The point of this blog is to demonstrate that making things simple helps becoming agile (i.e. helps bring back common sense to what you do). Slight glitch: making things simple is a different kettle of fish than taking the easy option. Simple is not Easy!

 

Project Noise Level: iterations to make it simple (based on Ralph Stacey diagram):

Looking at what Mike Cohn and Ken Schwaber’s project noise level (from http://www.mountaingoatsoftware.com/scrum/a-reusable-scrum-presentation),

Project Noise Level

It took me a while to understand this slide (ok, I did not pay attention to it first).

I am interpreting it that way: if you can make things simple around you, then you can be agile: you have to reach simplicty to know what you are doing – we are not as good as we think to handle complexity.

Scrum is made of short sprints forcing a team to break down requirements and technology simple enough to deliver a product increment.

As De Vinci said “Simplicity is the ultimate form of sophistication”

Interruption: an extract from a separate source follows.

(* Let $\Gamma$ be a finite dynamic game with ordinal preferences and perfect recall. Then $\mathbb S^k(S)\neq\emptyset$ for every $k\in\mathbb N$ (so $\mathbb S^\infty(S)\ne\emptyset$), and there exists $K\in\mathbb N$ with $\mathbb S^K(S)=\mathbb S^{K+1}(S)=\mathbb S^\infty(S)\neq\emptyset$.
   Context: A finite dynamic game with ordinal preferences and perfect recall $\Gamma$ consists of: a finite set of players $I$; a finite rooted tree of histories (finite sequences of action profiles, simultaneous moves allowed) with terminal histories $Z$; for each $i$ a partition $H_i$ of the non-terminal histories where $i$ is active (at least two actions) into information sets with identical available actions; perfect recall; complete transitive preferences $\succsim_i$ on $Z$. Strategies of $i$ are equivalence classes of behaviorally equivalent standard strategies (action assignments to $H_i$, identified when they allow the same information sets and prescribe the same actions there); $S_i$ finite set of strategies, $S=\prod_jS_j$, $S_{-i}=\prod_{j\ne i}S_j$, $\zeta:S\to Z$ the outcome map. For $h\in H_i$, $S_i(h)$, $S_{-i}(h)$ are strategies of $i$, resp. profiles of others, reaching $h$; $H_i(s_i)=\{h\in H_i:s_i\in S_i(h)\}$. A restriction is a nonempty $R=\prod_jR_j\subseteq S$; $R_i(h)=R_i\cap S_i(h)$, $R_{-i}(h)=R_{-i}\cap S_{-i}(h)$, $R^i(h)=R_i(h)\times R_{-i}(h)$. $\mathcal U_i$ is the set of $u_i:Z\to\mathbb R$ with $u_i(z)\ge u_i(z')\iff z\succsim_iz'$. $\mathcal H_i=\{S_{-i}(h):h\in H_i\}$; a CPS on $(S_{-i},\mathcal H_i)$ is a family of probability measures $\mu_i(\cdot\mid E)$ on $S_{-i}$, $E\in\mathcal H_i$, with $\mu_i(E\mid E)=1$ and $\mu_i(A\mid E)=\mu_i(A\mid E')\mu_i(E'\mid E)$ whenever $A\subseteq E'\subseteq E$, $E,E'\in\mathcal H_i$. $\Delta^{\mathcal H_i}(R_{-i})$ is the set of CPSs with $\mu_i(R_{-i}(h)\mid S_{-i}(h))=1$ for every $h\in H_i$ with $R^i(h)\ne\emptyset$. $s^*_i\in R_i$ is sequentially rational given $R$ if there are $u_i\in\mathcal U_i$, $\mu_i\in\Delta^{\mathcal H_i}(R_{-i})$ such that for all $h\in H_i(s^*_i)$ with $R^i(h)\ne\emptyset$ and all $s_i\in R_i(h)$, $\sum_{s_{-i}\in R_{-i}}u_i(\zeta(s^*_i,s_{-i}))\mu_i(\{s_{-i}\}\mid S_{-i}(h))\ge\sum_{s_{-i}\in R_{-i}}u_i(\zeta(s_i,s_{-i}))\mu_i(\{s_{-i}\}\mid S_{-i}(h))$. Ordinal Strong Rationalizability: $\mathbb S_i(R)$ is the set of $s_i\in R_i$ sequentially rational given $R$, $\mathbb S(R)=\prod_j\mathbb S_j(R)$, $\mathbb S^0(S)=S$, $\mathbb S^n(S)=\mathbb S(\mathbb S^{n-1}(S))$, $\mathbb S^\infty(S)=\bigcap_\ell\mathbb S^\ell(S)$. *)

theory Defs
  imports Complex_Main
begin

So Simplicity could be a path to agility, not an easy path!

 

A Real life example that saves time, lots of it:

Just about 2 years ago, we set up a 3-day workshop to capture user stories with our customers. Our supplier did attend this workshop. For each story we created, we added a few (1 to many) acceptance criteria using specification by example (Given/When/Then/And/But model). It did work great because even for the user stories that initially looked obvious, adding an example showed that there were still misunderstanding between participants about what the stories were about.

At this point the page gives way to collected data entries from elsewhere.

lemma solves_flow_constraints_iff:
  assumes "finite E" "finite Ps"
  shows "solves Ps (flow_constraints E Ps x) g \<longleftrightarrow> unit_path_flow E Ps x g"
proof -
  have nonneg: "(\<Sum>Q\<in>Ps. fst (nonneg_constraint P) Q * g Q) = - g P" if "P \<in> Ps" for P
  proof -
    have "(\<Sum>Q\<in>Ps. fst (nonneg_constraint P) Q * g Q) = (\<Sum>Q\<in>Ps. if Q = P then - g Q else 0)"
      by (rule sum.cong) (simp_all add: nonneg_constraint_def)
    then show ?thesis using assms(2) that by simp
  qed
  have capacity: "(\<Sum>Q\<in>Ps. fst (capacity_constraint x e) Q * g Q) =
      (\<Sum>Q\<in>{Q \<in> Ps. e \<in> path_edges Q}. g Q)" for e
  proof -
    have "(\<Sum>Q\<in>Ps. fst (capacity_constraint x e) Q * g Q) =
        (\<Sum>Q\<in>Ps. if e \<in> path_edges Q then g Q else 0)"
      by (rule sum.cong) (simp_all add: capacity_constraint_def)
    then show ?thesis using assms(2) by (simp add: sum.inter_filter)
  qed
  have demand: "(\<Sum>Q\<in>Ps. fst demand_constraint Q * g Q) = - (\<Sum>Q\<in>Ps. g Q)"
    by (simp add: demand_constraint_def sum_negf)
  have rhs: "snd (nonneg_constraint P) = 0" "snd (capacity_constraint x e) = x e"
    "snd demand_constraint = -1" for P e
    by (simp_all add: nonneg_constraint_def capacity_constraint_def demand_constraint_def)
  show ?thesis
    unfolding solves_def set_mset_flow_constraints[OF assms] unit_path_flow_def
    by (auto simp: ball_Un Ball_image_comp o_def nonneg capacity demand rhs)
qed

lemma sum_mset_flow_constraints_fst:
  assumes "finite E" "finite Ps" "P \<in> Ps" "path_edges P \<subseteq> E"
  shows "(\<Sum>c\<in>#flow_constraints E Ps x. \<mu> c * fst c P) =
    (\<Sum>e\<in>path_edges P. \<mu> (capacity_constraint x e)) - \<mu> (nonneg_constraint P) - \<mu> demand_constraint"
proof -
  have "(\<Sum>Q\<in>Ps. \<mu> (nonneg_constraint Q) * fst (nonneg_constraint Q) P) =
      (\<Sum>Q\<in>Ps. if P = Q then - \<mu> (nonneg_constraint Q) else 0)"
    by (rule sum.cong) (simp_all add: nonneg_constraint_def)
  also have "\<dots> = - \<mu> (nonneg_constraint P)"
    using assms(2,3) by simp
  finally have nonneg: "(\<Sum>Q\<in>Ps. \<mu> (nonneg_constraint Q) * fst (nonneg_constraint Q) P) =
      - \<mu> (nonneg_constraint P)" .
  have "(\<Sum>e\<in>E. \<mu> (capacity_constraint x e) * fst (capacity_constraint x e) P) =
      (\<Sum>e\<in>E. if e \<in> path_edges P then \<mu> (capacity_constraint x e) else 0)"
    by (rule sum.cong) (simp_all add: capacity_constraint_def)
  also have "\<dots> = (\<Sum>e\<in>path_edges P. \<mu> (capacity_constraint x e))"
    using assms(1,4) by (simp add: sum.inter_restrict[symmetric] Int_absorb1)
  finally have capacity:
    "(\<Sum>e\<in>E. \<mu> (capacity_constraint x e) * fst (capacity_constraint x e) P) =
      (\<Sum>e\<in>path_edges P. \<mu> (capacity_constraint x e))" .
  show ?thesis
    unfolding sum_mset_flow_constraints nonneg capacity by (simp add: demand_constraint_def)
qed

lemma sum_mset_flow_constraints_snd:
  "(\<Sum>c\<in>#flow_constraints E Ps x. \<mu> c * snd c) =
    (\<Sum>e\<in>E. \<mu> (capacity_constraint x e) * x e) - \<mu> demand_constraint"
  unfolding sum_mset_flow_constraints
  by (simp add: nonneg_constraint_def capacity_constraint_def demand_constraint_def)

lemma no_unit_path_flow_imp_dual:
  assumes fin: "finite E" "finite Ps" and sub: "\<And>P. P \<in> Ps \<Longrightarrow> path_edges P \<subseteq> E"
    and no_flow: "\<nexists>g. unit_path_flow E Ps x g"
  obtains \<beta> \<gamma> where "\<And>e. e \<in> E \<Longrightarrow> 0 \<le> \<beta> e"
    and "\<And>P. P \<in> Ps \<Longrightarrow> \<gamma> \<le> (\<Sum>e\<in>path_edges P. \<beta> e)"
    and "(\<Sum>e\<in>E. \<beta> e * x e) < \<gamma>"
proof -
  let ?C = "flow_constraints E Ps x"
  obtain \<mu> where \<mu>: "farkas_certificate Ps ?C \<mu>"
    using farkas_lemma[OF fin(2)] no_flow solves_flow_constraints_iff[OF fin] by blast
  have \<mu>_nonneg: "0 \<le> \<mu> c" if "c \<in># ?C" for c
    using \<mu> that unfolding farkas_certificate_def by blast
  show ?thesis
  proof (rule that)
    show "0 \<le> \<mu> (capacity_constraint x e)" if "e \<in> E" for e
      using that by (intro \<mu>_nonneg) (simp add: set_mset_flow_constraints[OF fin])
  next
    fix P assume P: "P \<in> Ps"
    have "0 \<le> \<mu> (nonneg_constraint P)"
      using P by (intro \<mu>_nonneg) (simp add: set_mset_flow_constraints[OF fin])
    moreover have "(\<Sum>c\<in>#?C. \<mu> c * fst c P) = 0"
      using \<mu> P unfolding farkas_certificate_def by blast
    ultimately show "\<mu> demand_constraint \<le> (\<Sum>e\<in>path_edges P. \<mu> (capacity_constraint x e))"
      unfolding sum_mset_flow_constraints_fst[OF fin P sub[OF P]] by linarith
  next
    show "(\<Sum>e\<in>E. \<mu> (capacity_constraint x e) * x e) < \<mu> demand_constraint"
      using \<mu> unfolding farkas_certificate_def sum_mset_flow_constraints_snd by linarith
  qed
qed

lemma dual_imp_violated_Zset:
  assumes \<beta>: "\<And>e. e \<in> E \<Longrightarrow> 0 \<le> \<beta> e"
    and paths: "\<And>P. P \<in> Ps \<Longrightarrow> \<gamma> \<le> (\<Sum>e\<in>path_edges P. \<beta> e)"
    and violated: "(\<Sum>e\<in>E. \<beta> e * x e) < \<gamma>"
    and x: "\<And>e. e \<in> E \<Longrightarrow> 0 \<le> x e"
    and sub: "\<And>P. P \<in> Ps \<Longrightarrow> path_edges P \<subseteq> E"
  shows "\<exists>z\<in>Zset E Ps. (\<Sum>e\<in>E. z e * x e) < 1"
proof
  have "0 \<le> (\<Sum>e\<in>E. \<beta> e * x e)"
    using \<beta> x by (intro sum_nonneg mult_nonneg_nonneg)
  with violated have \<gamma>: "0 < \<gamma>" by linarith
  define z where "z e = min 1 (\<beta> e / \<gamma>)" for e
  show "z \<in> Zset E Ps"
    unfolding Zset_def
  proof (intro CollectI conjI ballI)
    show "0 \<le> z e" "z e \<le> 1" if "e \<in> E" for e
      using \<beta>[OF that] \<gamma> by (simp_all add: z_def)
  next
    fix P assume P: "P \<in> Ps"
    show "1 \<le> (\<Sum>e\<in>path_edges P. z e)"
    proof (cases "\<exists>e\<in>path_edges P. \<gamma> \<le> \<beta> e")
      case True
      then obtain e0 where e0: "e0 \<in> path_edges P" "\<gamma> \<le> \<beta> e0" by blast
      have "z e0 \<le> (\<Sum>e\<in>path_edges P. z e)"
        using e0(1) sub[OF P] \<beta> \<gamma>
        by (intro member_le_sum) (auto simp: z_def path_edges_def)
      then show ?thesis using e0(2) \<gamma> by (simp add: z_def)
    next
      case False
      then have "(\<Sum>e\<in>path_edges P. z e) = (\<Sum>e\<in>path_edges P. \<beta> e / \<gamma>)"
        using \<gamma> by (intro sum.cong) (auto simp: z_def)
      also have "\<dots> = (\<Sum>e\<in>path_edges P. \<beta> e) / \<gamma>"
        by (simp add: sum_divide_distrib)
      finally show ?thesis using paths[OF P] \<gamma> by simp
    qed
  qed
  have "(\<Sum>e\<in>E. z e * x e) \<le> (\<Sum>e\<in>E. \<beta> e / \<gamma> * x e)"
    using x by (intro sum_mono mult_right_mono) (auto simp: z_def)
  also have "\<dots> = (\<Sum>e\<in>E. \<beta> e * x e) / \<gamma>"
    by (simp add: sum_divide_distrib)
  also have "\<dots> < 1"
    using violated \<gamma> by simp
  finally show "(\<Sum>e\<in>E. z e * x e) < 1" .
qed

lemma Zset_covered_iff_unit_path_flow:
  assumes "finite E" "finite Ps" "\<And>P. P \<in> Ps \<Longrightarrow> path_edges P \<subseteq> E"
    and "\<And>e. e \<in> E \<Longrightarrow> 0 \<le> x e"
  shows "(\<forall>z\<in>Zset E Ps. 1 \<le> (\<Sum>e\<in>E. z e * x e)) \<longleftrightarrow> (\<exists>g. unit_path_flow E Ps x g)"
proof
  assume covered: "\<forall>z\<in>Zset E Ps. 1 \<le> (\<Sum>e\<in>E. z e * x e)"
  show "\<exists>g. unit_path_flow E Ps x g"
  proof (rule ccontr)
    assume no_flow: "\<nexists>g. unit_path_flow E Ps x g"
    obtain \<beta> \<gamma> where "\<And>e. e \<in> E \<Longrightarrow> 0 \<le> \<beta> e"
      "\<And>P. P \<in> Ps \<Longrightarrow> \<gamma> \<le> (\<Sum>e\<in>path_edges P. \<beta> e)" "(\<Sum>e\<in>E. \<beta> e * x e) < \<gamma>"
      using no_unit_path_flow_imp_dual[OF assms(1-3) no_flow] by blast
    then have "\<exists>z\<in>Zset E Ps. (\<Sum>e\<in>E. z e * x e) < 1"
      using assms(4,3) by (rule dual_imp_violated_Zset)
    then show False
      using covered by (meson not_less)
  qed
next
  show "\<exists>g. unit_path_flow E Ps x g \<Longrightarrow> \<forall>z\<in>Zset E Ps. 1 \<le> (\<Sum>e\<in>E. z e * x e)"
    using unit_path_flow_covers_Zset[OF assms(1-3)] by blast
qed

lemma LP_spanner_feasible_iff_LP_flow_feasible:
  assumes "finite E" and "\<And>u v. (u, v) \<in> E \<Longrightarrow> finite (\<P> u v)"
    and "\<And>u v P. (u, v) \<in> E \<Longrightarrow> P \<in> \<P> u v \<Longrightarrow> path_edges P \<subseteq> E"
  shows "LP_spanner_feasible E \<P> x \<longleftrightarrow> (\<exists>f. LP_flow_feasible E \<P> x f)"
proof
  assume "LP_spanner_feasible E \<P> x"
  then have x: "\<forall>e\<in>E. 0 \<le> x e"
    and covered: "\<forall>(u, v)\<in>E. \<forall>z\<in>Zset E (\<P> u v). 1 \<le> (\<Sum>e\<in>E. z e * x e)"
    unfolding LP_spanner_feasible_def by blast+
  have "\<forall>uv\<in>E. \<exists>g. unit_path_flow E (\<P> (fst uv) (snd uv)) x g"
  proof
    fix uv assume "uv \<in> E"
    then show "\<exists>g. unit_path_flow E (\<P> (fst uv) (snd uv)) x g"
      using covered x assms Zset_covered_iff_unit_path_flow[of E "\<P> (fst uv) (snd uv)" x]
      by (cases uv) auto
  qed
  then obtain f where "\<forall>uv\<in>E. unit_path_flow E (\<P> (fst uv) (snd uv)) x (f uv)"
    by (metis bchoice)
  then have "LP_flow_feasible E \<P> x f"
    unfolding LP_flow_feasible_iff using x by auto
  then show "\<exists>f. LP_flow_feasible E \<P> x f" by blast
next
  assume "\<exists>f. LP_flow_feasible E \<P> x f"
  then obtain f where x: "\<forall>e\<in>E. 0 \<le> x e"
    and flows: "\<forall>(u, v)\<in>E. unit_path_flow E (\<P> u v) x (f (u, v))"
    unfolding LP_flow_feasible_iff by blast
  have "\<forall>z\<in>Zset E (\<P> u v). 1 \<le> (\<Sum>e\<in>E. z e * x e)" if "(u, v) \<in> E" for u v
    using that flows x assms Zset_covered_iff_unit_path_flow[of E "\<P> u v" x] by auto
  then show "LP_spanner_feasible E \<P> x"
    unfolding LP_spanner_feasible_def using x by blast
qed

theorem theorem5:
  fixes V :: "'a set" and E :: "('a \<times> 'a) set" and w :: "'a \<times> 'a \<Rightarrow> real"
    and k :: real and x :: "'a \<times> 'a \<Rightarrow> real"
  assumes "finite V" and "E \<subseteq> V \<times> V" and "\<forall>e\<in>E. w e > 0"
  shows "LP_spanner_feasible E (stretch_paths E w k) x \<longleftrightarrow>
         (\<exists>f. LP_flow_feasible E (stretch_paths E w k) x f)"
proof (rule LP_spanner_feasible_iff_LP_flow_feasible)
  show "finite E"
    using assms(1,2) by (simp add: finite_subset)
  then show "finite (stretch_paths E w k u v)" for u v
    by (rule finite_stretch_paths)
  show "path_edges P \<subseteq> E" if "P \<in> stretch_paths E w k u v" for u v P
    using that unfolding stretch_paths_def by (auto dest: path_edges_subset)
qed

end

An example was (along the line):

As a driver, I want to get directions to a city in another country so I can travel to that city

GIVEN I am in France AND my system is in French

WHEN I say “go to Brussels, 123 main street”

THEN the system says “I did not recognise that – please try again”

The reason the system does not recognize an address abroad: this is a technical limitation that the supplier of the system raised. The customer had forgotten this limitation.

Bottom line, adding one (or more) true example to a story avoids misunderstanding to a great extend (see Ron Jeffreys on User Stories)

That “specification by example” does is making the story simple to understand. Even a story well written may not be concrete enough hence having an example makes obvious what we want to achieve (and also generate discussions).

We also know what that agile architecture principles like to “keep it simple stupid”.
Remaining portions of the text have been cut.